Osnabrück Land (Osnabrücker Land) is a region in southwest Lower Saxony in Germany, which extends into the state of North Rhine-Westphalia. Its centre is the city of Osnabrück. The region is dominated by the Teutoburg Forest and the River Hase. Originally a variant of Low German was spoken here which belonged to the East-Westphalian dialect.

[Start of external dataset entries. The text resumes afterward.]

section \<open>The maximum principle\<close>

lemma nonpos_if_le_eps_mult:
  fixes A B :: real
  assumes "\<And>\<epsilon>. 0 < \<epsilon> \<Longrightarrow> \<epsilon> \<le> 1 \<Longrightarrow> A \<le> \<epsilon> * B"
  shows "A \<le> 0"
proof (rule field_le_epsilon)
  fix e :: real
  assume "0 < e"
  define \<epsilon> where "\<epsilon> = min 1 (e / (\<bar>B\<bar> + 1))"
  have \<epsilon>: "0 < \<epsilon>" "\<epsilon> \<le> 1" "\<epsilon> \<le> e / (\<bar>B\<bar> + 1)"
    using \<open>0 < e\<close> by (auto simp: \<epsilon>_def)
  have "A \<le> \<epsilon> * B"
    using assms \<epsilon>(1,2) by blast
  also have "\<dots> \<le> \<epsilon> * \<bar>B\<bar>"
    using \<epsilon>(1) by (intro mult_left_mono) auto
  also have "\<dots> \<le> e / (\<bar>B\<bar> + 1) * \<bar>B\<bar>"
    using \<epsilon>(3) by (intro mult_right_mono) auto
  also have "\<dots> \<le> e"
    using \<open>0 < e\<close> by (simp add: field_simps)
  finally show "A \<le> 0 + e"
    by simp
qed

locale radical_pair_control =
  fixes p :: nat and T hbar muB g kS kT gamma :: real and v0 m M :: "real^3"
    and A :: "nat \<Rightarrow> real^3" and psi chi :: "(real \<Rightarrow> real^3) \<Rightarrow> nat \<Rightarrow> real \<Rightarrow> cvec"
  assumes T_pos: "0 < T" and hbar_pos: "0 < hbar" and kS_pos: "0 < kS" and gamma_pos: "0 < gamma"
    and psi_sol: "\<forall>u \<in> Ctrl T m M. \<forall>l < 3 * 2 ^ p.
          is_psi_sol p T hbar muB g A kS kT (vfilt gamma v0 u) (psiT p l) (psi u l)"
    and chi_sol: "\<forall>u \<in> Ctrl T m M. \<forall>l < 3 * 2 ^ p.
          is_chi_sol p T hbar muB g A kS kT (vfilt gamma v0 u) (psi u l) (chi u l)"
begin

lemma psi_has_derivative:
  assumes "u \<in> Ctrl T m M" "l < 3 * 2 ^ p" "t \<in> {0..T}" "k < ndim p"
  shows "((\<lambda>s. psi u l s k) has_vector_derivative
           mvmul (ndim p) (Hfull p muB g A kS kT (vfilt gamma v0 u t)) (psi u l t) k / (\<i> * of_real hbar))
           (at t within {0..T})"
  using psi_sol assms unfolding is_psi_sol_def by blast

lemma psi_initial: "u \<in> Ctrl T m M \<Longrightarrow> l < 3 * 2 ^ p \<Longrightarrow> k < ndim p \<Longrightarrow> psi u l 0 k = psiT p l k"
  using psi_sol unfolding is_psi_sol_def by blast

lemma continuous_on_psi:
  "u \<in> Ctrl T m M \<Longrightarrow> l < 3 * 2 ^ p \<Longrightarrow> k < ndim p \<Longrightarrow> continuous_on {0..T} (\<lambda>t. psi u l t k)"
  by (rule continuous_on_vector_derivative) (rule psi_has_derivative)
lemma map_fst_construction:
  "map_pmf fst (construction n S k) =
    do {Y \<leftarrow> Pi_pmf {..<k} 0 (\<lambda>_. pmf_of_set {1..n});
        Wt \<leftarrow> Pi_pmf {..<k} 0 (\<lambda>_. pmf_of_set S);
        V \<leftarrow> pmf_of_set S;
        choose_X1 S k Y Wt V}"
  unfolding construction_def choose_X1_def
  by (simp add: map_bind_pmf map_return_pmf bind_return_pmf')

lemma finite_drawn_indices [simp]: "finite (drawn_indices S k Y)"
  unfolding drawn_indices_def by auto

lemma map_choose_X1:
  "inj f \<Longrightarrow> map_pmf f (choose_X1 S k Y Wt V) = choose_X1 S k Y (f \<circ> Wt) (f V)"
  unfolding choose_X1_def
  by (simp add: map_return_pmf map_pmf_of_set_inj[OF inj_on_subset] image_comp)

lemma choose_X1_cong:
  assumes "\<And>i. i < k \<Longrightarrow> Wt i = Wt' i"
  shows "choose_X1 S k Y Wt V = choose_X1 S k Y Wt' V"
proof -
  have "Wt ` drawn_indices S k Y = Wt' ` drawn_indices S k Y"
    using assms by (intro image_cong) (auto simp: drawn_indices_def)
  then show ?thesis
    by (simp add: choose_X1_def)
qed

lemma map_fst_construction_permute:
  assumes "finite S" and "S \<noteq> {}" and "inj f" and "f ` S = S"
  shows "map_pmf f (map_pmf fst (construction n S k)) = map_pmf fst (construction n S k)"
proof -
  let ?PY = "Pi_pmf {..<k} 0 (\<lambda>_. pmf_of_set {1..n})"
  let ?PW = "\<lambda>d. Pi_pmf {..<k} d (\<lambda>_. pmf_of_set S)"
  have map_S: "map_pmf f (pmf_of_set S) = pmf_of_set S"
    using assms by (simp add: map_pmf_of_set_inj inj_on_subset)
  have map_W: "map_pmf (\<lambda>h. f \<circ> h) (?PW 0) = ?PW (f 0)"
    using Pi_pmf_map[of "{..<k}" f 0 "f 0" "\<lambda>_. pmf_of_set S"] map_S by simp
  \<comment> \<open>f may move the default value 0 of the product, but choose_X1 ignores Wt outside {..<k}\<close>
  have default_W: "map_pmf (\<lambda>h i. if i \<in> {..<k} then h i else 0) (?PW (f 0)) = ?PW 0"
    by (rule Pi_pmf_default_swap) simp
  have "map_pmf f (map_pmf fst (construction n S k)) =
      do {Y \<leftarrow> ?PY; Wt \<leftarrow> map_pmf (\<lambda>h. f \<circ> h) (?PW 0); V \<leftarrow> map_pmf f (pmf_of_set S);
          choose_X1 S k Y Wt V}"
    unfolding map_fst_construction using assms(3)
    by (simp add: map_bind_pmf map_choose_X1 bind_map_pmf)
  also have "\<dots> = do {Y \<leftarrow> ?PY; Wt \<leftarrow> ?PW (f 0); V \<leftarrow> pmf_of_set S; choose_X1 S k Y Wt V}"
    unfolding map_W map_S ..
  also have "\<dots> = do {Y \<leftarrow> ?PY; Wt \<leftarrow> map_pmf (\<lambda>h i. if i \<in> {..<k} then h i else 0) (?PW (f 0));
          V \<leftarrow> pmf_of_set S; choose_X1 S k Y Wt V}"
    unfolding bind_map_pmf by (intro bind_pmf_cong refl choose_X1_cong) simp
  also have "\<dots> = map_pmf fst (construction n S k)"
    unfolding default_W map_fst_construction ..
  finally show ?thesis .
qed

lemma set_pmf_fst_construction:
  assumes "finite S" and "S \<noteq> {}"
  shows "set_pmf (map_pmf fst (construction n S k)) \<subseteq> S"
proof -
  have "set_pmf (choose_X1 S k Y Wt V) \<subseteq> S"
    if "Wt \<in> set_pmf (Pi_pmf {..<k} 0 (\<lambda>_. pmf_of_set S))" and "V \<in> S" for Y Wt V
  proof -
    have "Wt i \<in> S" if "i < k" for i
      using \<open>Wt \<in> _\<close> that assms by (auto simp: set_Pi_pmf PiE_dflt_def)
    then show ?thesis
      using \<open>V \<in> S\<close> unfolding choose_X1_def by (auto simp: drawn_indices_def)
  qed
  then show ?thesis
    using assms unfolding map_fst_construction by (auto simp: set_bind_pmf)
qed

The region is generally identified with the district and city of Osnabrück, which largely corresponds to the Prince-Bishopric of Osnabrück in the Holy Roman Empire. The Osnabrück Land Regional Association (Landschaftsverband Osnabrücker Land) looks after cultural issues for the region.

== Location ==
The southern part of Osnabrück Land borders on Münsterland in the state of North Rhine-Westphalia. To the west the Tecklenburg Land is the natural continuation of the Osnabrück Land into North Rhine-Westphalia. To the southeast is the Ravensberg Land.

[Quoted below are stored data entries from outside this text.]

lemma gsign_Un_right:
  assumes "B \<inter> C = {}" "finite A" "finite B" "finite C"
  shows "gsign A (B \<union> C) = gsign A B * gsign A C"
proof -
  have "inversions A (B \<union> C) = inversions A B \<union> inversions A C" by (auto simp: inversions_def)
  moreover have "inversions A B \<inter> inversions A C = {}" using assms(1) by (auto simp: inversions_def)
  ultimately have "card (inversions A (B \<union> C)) = card (inversions A B) + card (inversions A C)"
    using assms by (simp add: card_Un_disjoint finite_inversions)
  then show ?thesis by (simp add: gsign_eq_inversions power_add)
qed

lemma gsign_empty_left [simp]: "gsign {} T = 1"
  by (simp add: gsign_def)

lemma gsign_swap_mult:
  assumes "A \<inter> B = {}" "finite A" "finite B"
  shows "gsign A B * gsign B A = (-1) ^ (card A * card B)"
proof -
  have split: "A \<times> B = inversions A B \<union> (prod.swap ` inversions B A)"
  proof
    show "A \<times> B \<subseteq> inversions A B \<union> (prod.swap ` inversions B A)"
    proof clarify
      fix a b assume ab: "a \<in> A" "b \<in> B" and nn: "(a, b) \<notin> prod.swap ` inversions B A"
      have "a \<noteq> b" using ab assms(1) by auto
      show "(a, b) \<in> inversions A B"
      proof (cases "b < a")
        case True thus ?thesis using ab by (auto simp: inversions_def)
      next
        case False hence "a < b" using \<open>a \<noteq> b\<close> by auto
        hence "(b, a) \<in> inversions B A" using ab by (auto simp: inversions_def)
        hence "prod.swap (b, a) \<in> prod.swap ` inversions B A" by blast
        thus ?thesis using nn by simp
      qed
    qed
  qed (auto simp: inversions_def)
  have d: "inversions A B \<inter> (prod.swap ` inversions B A) = {}" by (auto simp: inversions_def)
  have "card (A \<times> B) = card (inversions A B) + card (prod.swap ` inversions B A)"
    unfolding split using assms by (intro card_Un_disjoint d) (auto intro: finite_inversions)
  moreover have "card (prod.swap ` inversions B A) = card (inversions B A)"
    by (rule card_image[OF inj_swap])
  ultimately show ?thesis by (simp add: gsign_eq_inversions power_add[symmetric]
      card_cartesian_product)
qed

lemma gsign_mult_self: "gsign A B * gsign A B = 1"
  by (simp add: gsign_def power_mult_distrib[symmetric] power_add[symmetric] flip: power_add)

lemma gsign_commute_even:
  assumes "A \<inter> B = {}" "finite A" "finite B" "even (card A)"
  shows "gsign A B = gsign B A"
proof -
  have "gsign A B * gsign B A = 1" using gsign_swap_mult[OF assms(1-3)] assms(4) by simp
  hence "gsign A B * (gsign A B * gsign B A) = gsign A B" by simp
  thus ?thesis by (simp add: mult.assoc[symmetric] gsign_mult_self)
qed

lemma gsign_assoc:
  assumes "finite U" "R \<subseteq> U" "T \<subseteq> U - R"
  shows "gsign (R \<union> T) (U - R - T) * gsign R T = gsign R (U - R) * gsign T (U - R - T)"
proof -
  have fin: "finite R" "finite T" "finite (U - R - T)"
    using assms by (auto intro: finite_subset)
  have left: "gsign (R \<union> T) (U - R - T) = gsign R (U - R - T) * gsign T (U - R - T)"
    using assms fin by (intro gsign_Un_left) auto
  have "U - R = T \<union> (U - R - T)" using assms(3) by auto
  hence "gsign R (U - R) = gsign R (T \<union> (U - R - T))" by (rule arg_cong)
  also have "\<dots> = gsign R T * gsign R (U - R - T)"
    by (rule gsign_Un_right) (use fin in auto)
  finally show ?thesis using left by (simp add: mult_ac)
qed

lemma gmul_assoc: "gmul (gmul f g) h = gmul f (gmul g h)"
proof (rule ext)
  fix U :: "('a \<times> bool) set"
  show "gmul (gmul f g) h U = gmul f (gmul g h) U"
  proof (cases "finite U")
    case False thus ?thesis by (simp add: gmul_def)
  next
    case fin: True
    define t where "t R T = gsign R (U - R) * gsign T (U - R - T) * (f R * (g T * h (U - R - T)))"
      for R T
    define phi where "phi S R = gsign S (U - S) * gsign R (S - R) * (f R * (g (S - R) * h (U - S)))"
      for S R
    have "gmul (gmul f g) h U = (\<Sum>S\<in>Pow U. \<Sum>R\<in>Pow S. phi S R)"
      unfolding gmul_def phi_def
      by (rule sum.cong[OF refl]) (simp add: sum_distrib_left sum_distrib_right mult_ac)
    also have "\<dots> = (\<Sum>S\<in>Pow U. \<Sum>R\<in>{R. R \<in> Pow U \<and> R \<subseteq> S}. phi S R)"
      by (rule sum.cong[OF refl], rule sum.cong) auto
    also have "\<dots> = (\<Sum>R\<in>Pow U. \<Sum>S\<in>{S. S \<in> Pow U \<and> R \<subseteq> S}. phi S R)"
      by (rule sum.swap_restrict) (use fin in auto)
    also have "\<dots> = (\<Sum>R\<in>Pow U. \<Sum>T\<in>Pow (U - R). t R T)"
    proof (rule sum.cong[OF refl])
      fix R assume R: "R \<in> Pow U"
      show "(\<Sum>S\<in>{S. S \<in> Pow U \<and> R \<subseteq> S}. phi S R) = (\<Sum>T\<in>Pow (U - R). t R T)"
      proof (rule sym, rule sum.reindex_bij_witness[where j="\<lambda>T. R \<union> T" and i="\<lambda>S. S - R"])
        fix T assume T: "T \<in> Pow (U - R)"
        have "(R \<union> T) - R = T" "U - (R \<union> T) = U - R - T" using T by auto
        hence "phi (R \<union> T) R = gsign (R \<union> T) (U - R - T) * gsign R T * (f R * (g T * h (U - R - T)))"
          unfolding phi_def by simp
        thus "phi (R \<union> T) R = t R T"
          unfolding t_def using gsign_assoc[OF fin] R T by simp
      qed (use R in auto)
    qed
    also have "\<dots> = gmul f (gmul g h) U"
      unfolding gmul_def t_def
      by (rule sum.cong[OF refl]) (simp add: sum_distrib_left mult_ac)
    finally show ?thesis .
  qed
qed
text \<open>In the branch set of \<open>s\<close>
  the first components of the digits spell out \<open>s\<close>, while the free second components make it perfect.\<close>

definition node :: "(bool \<times> bool) list \<Rightarrow> 'a \<times> real" where
  "node t = fold (\<lambda>k (c, r). children c r k) t (p0, 1)"

definition cell :: "(bool \<times> bool) list \<Rightarrow> 'a set" where
  "cell t = cball (fst (node t)) (snd (node t))"

lemma node_snoc: "node (t @ [k]) = children (fst (node t)) (snd (node t)) k"
  by (simp add: node_def case_prod_beta)

lemma node_bounds: "fst (node t) \<in> P \<and> 0 < snd (node t) \<and> snd (node t) \<le> (1 / 2) ^ length t"
proof (induction t rule: rev_induct)
  case Nil
  then show ?case using p0_in_P by (simp add: node_def)
next
  case (snoc k t)
  then have "children_ok (fst (node t)) (snd (node t)) (children (fst (node t)) (snd (node t)))"
    by (intro children_ok_children) auto
  from children_okD[OF this, of k] snoc show ?case
    unfolding node_snoc by auto
qed

lemma children_ok_node: "children_ok (fst (node t)) (snd (node t)) (children (fst (node t)) (snd (node t)))"
  using node_bounds children_ok_children by blast

lemma closed_cell: "closed (cell t)"
  by (simp add: cell_def)

lemma center_in_cell: "fst (node t) \<in> cell t"
  using node_bounds[of t] by (simp add: cell_def)

lemma cell_snoc_subset: "cell (t @ [k]) \<subseteq> cell t"
  using children_okD(4)[OF children_ok_node, of t k] ball_subset_cball
  unfolding cell_def node_snoc by blast

lemma cells_snoc_disjoint: "k \<noteq> k' \<Longrightarrow> cell (t @ [k]) \<inter> cell (t @ [k']) = {}"
  using children_okD(5)[OF children_ok_node, of k k' t] unfolding cell_def node_snoc by blast

lemma cell_append_subset: "cell (t @ u) \<subseteq> cell t"
proof (induction u rule: rev_induct)
  case (snoc k u)
  then show ?case using cell_snoc_subset[of "t @ u" k] by simp
qed simp

lemma cells_disjoint: "length t = length t' \<Longrightarrow> t \<noteq> t' \<Longrightarrow> cell t \<inter> cell t' = {}"
proof (induction t arbitrary: t' rule: rev_induct)
  case (snoc k u t')
  then obtain u' k' where t': "t' = u' @ [k']" "length u' = length u"
    by (cases t' rule: rev_exhaust) auto
  show ?case
  proof (cases "u = u'")
    case True
    with snoc.prems t' show ?thesis using cells_snoc_disjoint by blast
  next
    case False
    then have "cell u \<inter> cell u' = {}" using snoc.IH t'(2) by metis
    then show ?thesis using cell_snoc_subset t'(1) by blast
  qed
qed simp

lemma dist_le_in_cell: "x \<in> cell t \<Longrightarrow> y \<in> cell t \<Longrightarrow> dist x y \<le> 2 * (1 / 2) ^ length t"
  using dist_triangle[of x y "fst (node t)"] node_bounds[of t]
  by (auto simp: cell_def dist_commute)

Most of Osnabrück Land borders on other Lower Saxon regions: to the west on the Emsland, to the north on the Oldenburg Land and in the east on the Dümmer region.

== Sources ==
- Stonjek, Diether: Landkreis Osnabrück. In: de Lange, Norbert und Stonjek, Diether (Hrsg.): Osnabrück und das Osnabrücker Umland. Bramsche 2004, (S. 51 - 66) (Schriftenreihe Kulturregion Osnabrück; herausgegeben vom Landschaftsverband Osnabrücker Land e. V., Band 22).